Root Certificate Trust
TIP OpenWiFi program ensures unique identity of all devices, encryption of traffic to and from the management cloud, discovery of management cloud, and ability to change device to cloud service discovery. TIP model ensures worldwide Zero Touch Provisioning, unique identity of all device and cloud conversation with no vendor lock in.
TIP device and cloud partners in OpenWiFi are uniquely managed members within a division of the Telecom Infra Project CA within DigiCert.
TIP ODM partners have the ability to generate signed certificates from the TIP Root Certificate Authority. This is done during manufacture for any TIP SKU product using signed certificates.
Each ODM partner will use the Manufacturer name, device MAC address, and optionally a value for Redirector and Model of device when requesting a new certificate.
The Redirector value is what determines cloud discovery and may be empty for example if the devices being manufactured do not yet have a cloud service provider assigned, for example a retail distribution model. Alternatively the value of the Redirector may be set at the same time as the certificate generation occurs.
TIP provides an automated script to perform the device certificate request.
TIP Cloud partners have the ability to generate signed certificates for the cloud SDK.

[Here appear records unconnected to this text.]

lemma H2_rep_set_integral_dPhi_diffusion:
  assumes H2: "H2_rep l f fx fxx" and l: "0 \<le> l"
  shows "(LINT x:{0..l}|lborel. fxx x * dPhi (f x)) \<le> fx l * dPhi (f l) - fx 0 * dPhi (f 0)"
proof -
  have "(LINT x:{0..l}|lborel. fxx x * dPhi (f x)) =
      fx l * dPhi (f l) - fx 0 * dPhi (f 0) - (LINT x:{0..l}|lborel. fx x * (ddPhi (f x) * fx x))"
    using H2 l H2_rep_continuous_on[OF H2]
    by (intro ac_deriv_integration_by_parts DERIV_chain2[OF dPhi_has_real_derivative]
        H2_rep_has_real_derivative[OF H2]) (auto simp: H2_rep_def intro!: continuous_intros)
  moreover have "0 \<le> (LINT x:{0..l}|lborel. fx x * (ddPhi (f x) * fx x))"
    using ddPhi_nonneg
    by (intro set_integral_nonneg_real) (metis mult.left_commute mult_nonneg_nonneg zero_le_square)
  ultimately show ?thesis by linarith
qed

lemma edge_energy_inequality:
  fixes f fx fxx w :: "real \<Rightarrow> real"
  assumes l: "0 < l" and eps: "0 \<le> eps"
    and H2: "H2_rep l f fx fxx" and w: "set_integrable lborel {0..l} w"
    and pde: "AE x in lborel. x \<in> {0<..<l} \<longrightarrow> a * w x + b * fx x - eps * fxx x \<ge> 0"
  shows "a * (LINT x:{0..l}|lborel. dPhi (f x) * w x) \<le>
     eps * (fx l * dPhi (f l) - fx 0 * dPhi (f 0)) - b * (Phi (f l) - Phi (f 0))"
proof -
  have fc: "continuous_on {0..l} (\<lambda>x. dPhi (f x))"
    using H2_rep_continuous_on[OF H2] by (intro continuous_intros)
  have I: "set_integrable lborel {0..l} (\<lambda>x. fxx x * dPhi (f x))"
      "set_integrable lborel {0..l} (\<lambda>x. dPhi (f x) * fx x)"
      "set_integrable lborel {0..l} (\<lambda>x. dPhi (f x) * w x)"
    using set_integrable_mult_continuous[OF _ fc, of fxx] set_integrable_mult_continuous[OF _ fc, of fx]
      set_integrable_mult_continuous[OF w fc] H2
    by (auto simp: H2_rep_def ac_deriv_def L2on_set_integrable mult.commute)
  have "AE x \<in> {0..l} in lborel.
      a * (dPhi (f x) * w x) \<le> eps * (fxx x * dPhi (f x)) - b * (dPhi (f x) * fx x)"
    using pde AE_lborel_singleton[of 0] AE_lborel_singleton[of l]
  proof eventually_elim
    case (elim x)
    show ?case
    proof
      assume "x \<in> {0..l}"
      then have "eps * fxx x - b * fx x \<le> a * w x" using elim by auto
      then have "dPhi (f x) * (a * w x) \<le> dPhi (f x) * (eps * fxx x - b * fx x)"
        using dPhi_nonpos[of "f x"] by (rule mult_left_mono_neg)
      then show "a * (dPhi (f x) * w x) \<le> eps * (fxx x * dPhi (f x)) - b * (dPhi (f x) * fx x)"
        by (simp add: algebra_simps)
    qed
  qed
  then have "(LINT x:{0..l}|lborel. a * (dPhi (f x) * w x))
      \<le> (LINT x:{0..l}|lborel. eps * (fxx x * dPhi (f x)) - b * (dPhi (f x) * fx x))"
    using I by (intro set_integral_mono_AE set_integrable_mult_right set_integral_diff(1))
  then have "a * (LINT x:{0..l}|lborel. dPhi (f x) * w x)
      \<le> eps * (LINT x:{0..l}|lborel. fxx x * dPhi (f x)) - b * (LINT x:{0..l}|lborel. dPhi (f x) * fx x)"
    using I by (simp add: set_integral_diff(2))
  then show ?thesis
    using H2_rep_set_integral_dPhi_diffusion[OF H2] H2_rep_set_integral_dPhi_transport[OF H2] l eps
    by (smt (verit) mult_left_mono)
qed

section \<open>Cancellation of the vertex terms\<close>

lemma network_finite_edges:
  assumes "network V E"
  shows "finite E"
  using assms finite_subset[of E "V \<times> V"] unfolding network_def by auto

lemma sum_edges_endpoint_diff:
  fixes K :: "('v \<times> 'v) \<Rightarrow> 'v \<Rightarrow> real"
  assumes "network V E"
  shows "(\<Sum>e\<in>E. K e (snd e) - K e (fst e)) = (\<Sum>v\<in>V. \<Sum>e\<in>edges_at E v. nE e v * K e v)"
proof -
  have finV: "finite V" and EV: "E \<subseteq> V \<times> V" and loopfree: "\<forall>e\<in>E. fst e \<noteq> snd e"
    using assms unfolding network_def by auto
  have finE: "finite E" by (rule network_finite_edges[OF assms])
  have "K e (snd e) - K e (fst e) = (\<Sum>v\<in>V. nE e v * K e v)" if e: "e \<in> E" for e
  proof -
    have "{fst e, snd e} \<subseteq> V" using EV e by (cases e) auto
    then have "(\<Sum>v\<in>V. nE e v * K e v) = (\<Sum>v\<in>{fst e, snd e}. nE e v * K e v)"
      by (intro sum.mono_neutral_right[OF finV]) (auto simp: nE_def)
    moreover have "fst e \<noteq> snd e" using loopfree e by blast
    ultimately show ?thesis by (simp add: nE_def)
  qed
  then have "(\<Sum>e\<in>E. K e (snd e) - K e (fst e)) = (\<Sum>v\<in>V. \<Sum>e\<in>E. nE e v * K e v)"
    by (simp add: sum.swap[of _ V])
  also have "\<dots> = (\<Sum>v\<in>V. \<Sum>e\<in>edges_at E v. nE e v * K e v)"
    by (intro sum.cong refl sum.mono_neutral_right[OF finE]) (auto simp: edges_at_def)
  finally show ?thesis .
qed

definition penalty_flux ::
    "(('v \<times> 'v) \<Rightarrow> real) \<Rightarrow> (('v \<times> 'v) \<Rightarrow> real) \<Rightarrow> (('v \<times> 'v) \<Rightarrow> real)
      \<Rightarrow> (('v \<times> 'v) \<Rightarrow> real \<Rightarrow> real) \<Rightarrow> (('v \<times> 'v) \<Rightarrow> real \<Rightarrow> real) \<Rightarrow> ('v \<times> 'v) \<Rightarrow> 'v \<Rightarrow> real"
  where "penalty_flux len b eps U Ux e v =
    eps e * at_vertex e (len e) (Ux e) v * dPhi (at_vertex e (len e) (U e) v)
      - b e * Phi (at_vertex e (len e) (U e) v)"

lemma penalty_flux_sum_at_vertex:
  assumes v: "v \<in> V"
    and balance: "\<forall>v\<in>inner_vertices V E. (\<Sum>e\<in>edges_at E v. b e * nE e v) = 0"
    and cont: "\<forall>e1\<in>edges_at E v. \<forall>e2\<in>edges_at E v.
                 at_vertex e1 (len e1) (U e1) v = at_vertex e2 (len e2) (U e2) v"
    and kirchhoff: "\<forall>v\<in>inner_vertices V E.
                 (\<Sum>e\<in>edges_at E v. eps e * at_vertex e (len e) (Ux e) v * nE e v) = 0"
    and bdry: "\<forall>v\<in>bdry_vertices V E. \<forall>e\<in>edges_at E v. at_vertex e (len e) (U e) v \<ge> 0"
  shows "(\<Sum>e\<in>edges_at E v. nE e v * penalty_flux len b eps U Ux e v) = 0"
proof (cases "v \<in> inner_vertices V E")
  case True
  then have "edges_at E v \<noteq> {}" unfolding inner_vertices_def by auto
  then obtain e0 where e0: "e0 \<in> edges_at E v" by blast
  define Uv where "Uv = at_vertex e0 (len e0) (U e0) v"
  have "at_vertex e (len e) (U e) v = Uv" if "e \<in> edges_at E v" for e
    using cont e0 that unfolding Uv_def by blast
  then have "(\<Sum>e\<in>edges_at E v. nE e v * penalty_flux len b eps U Ux e v) =
      (\<Sum>e\<in>edges_at E v. dPhi Uv * (eps e * at_vertex e (len e) (Ux e) v * nE e v) - Phi Uv * (b e * nE e v))"
    unfolding penalty_flux_def by (intro sum.cong refl) (simp add: algebra_simps)
  also have "\<dots> = dPhi Uv * (\<Sum>e\<in>edges_at E v. eps e * at_vertex e (len e) (Ux e) v * nE e v)
      - Phi Uv * (\<Sum>e\<in>edges_at E v. b e * nE e v)"
    by (simp add: sum_subtractf sum_distrib_left)
  finally show ?thesis
    using kirchhoff balance True by simp
next
  case False
  then have "v \<in> bdry_vertices V E" using v unfolding bdry_vertices_def by blast
  then show ?thesis
    using bdry by (intro sum.neutral) (simp add: penalty_flux_def Phi_eq_0 dPhi_eq_0)
qed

Similar to device onboarding, TIP provides a script to automate this process. For the cloud components the Operator name and a Fully Qualified Domain Name of the cloud are sent with each cloud key request. In addition, local configuration files are set in the request script to generate certificates matched to the operating name of certain services such as the opensync-controller and the mqtt-broker.
Each device on initial startup or when factory reset will connect to the Certificate Authority using its unique device credentials requesting its current 'cloud' value. This functions both as cloud discovery as well as redirector in the event the device owner wishes to change the cloud or cloud service provider relationship with their device.
In certain situations, a connection to the cloud or the root authority may not be possible. When this occurs, each TIP OpenWiFi Access Point device on factory boot presents an initial configuration Wi-Fi Management SSID called 'Maverick'. Connecting to Maverick presents a web page where updating WAN interface settings and the fully qualified domain name of the cloud may be entered.
When the device is a PoE Ethernet switch, a local management interface exists where the same configuration of cloud and WAN are possible.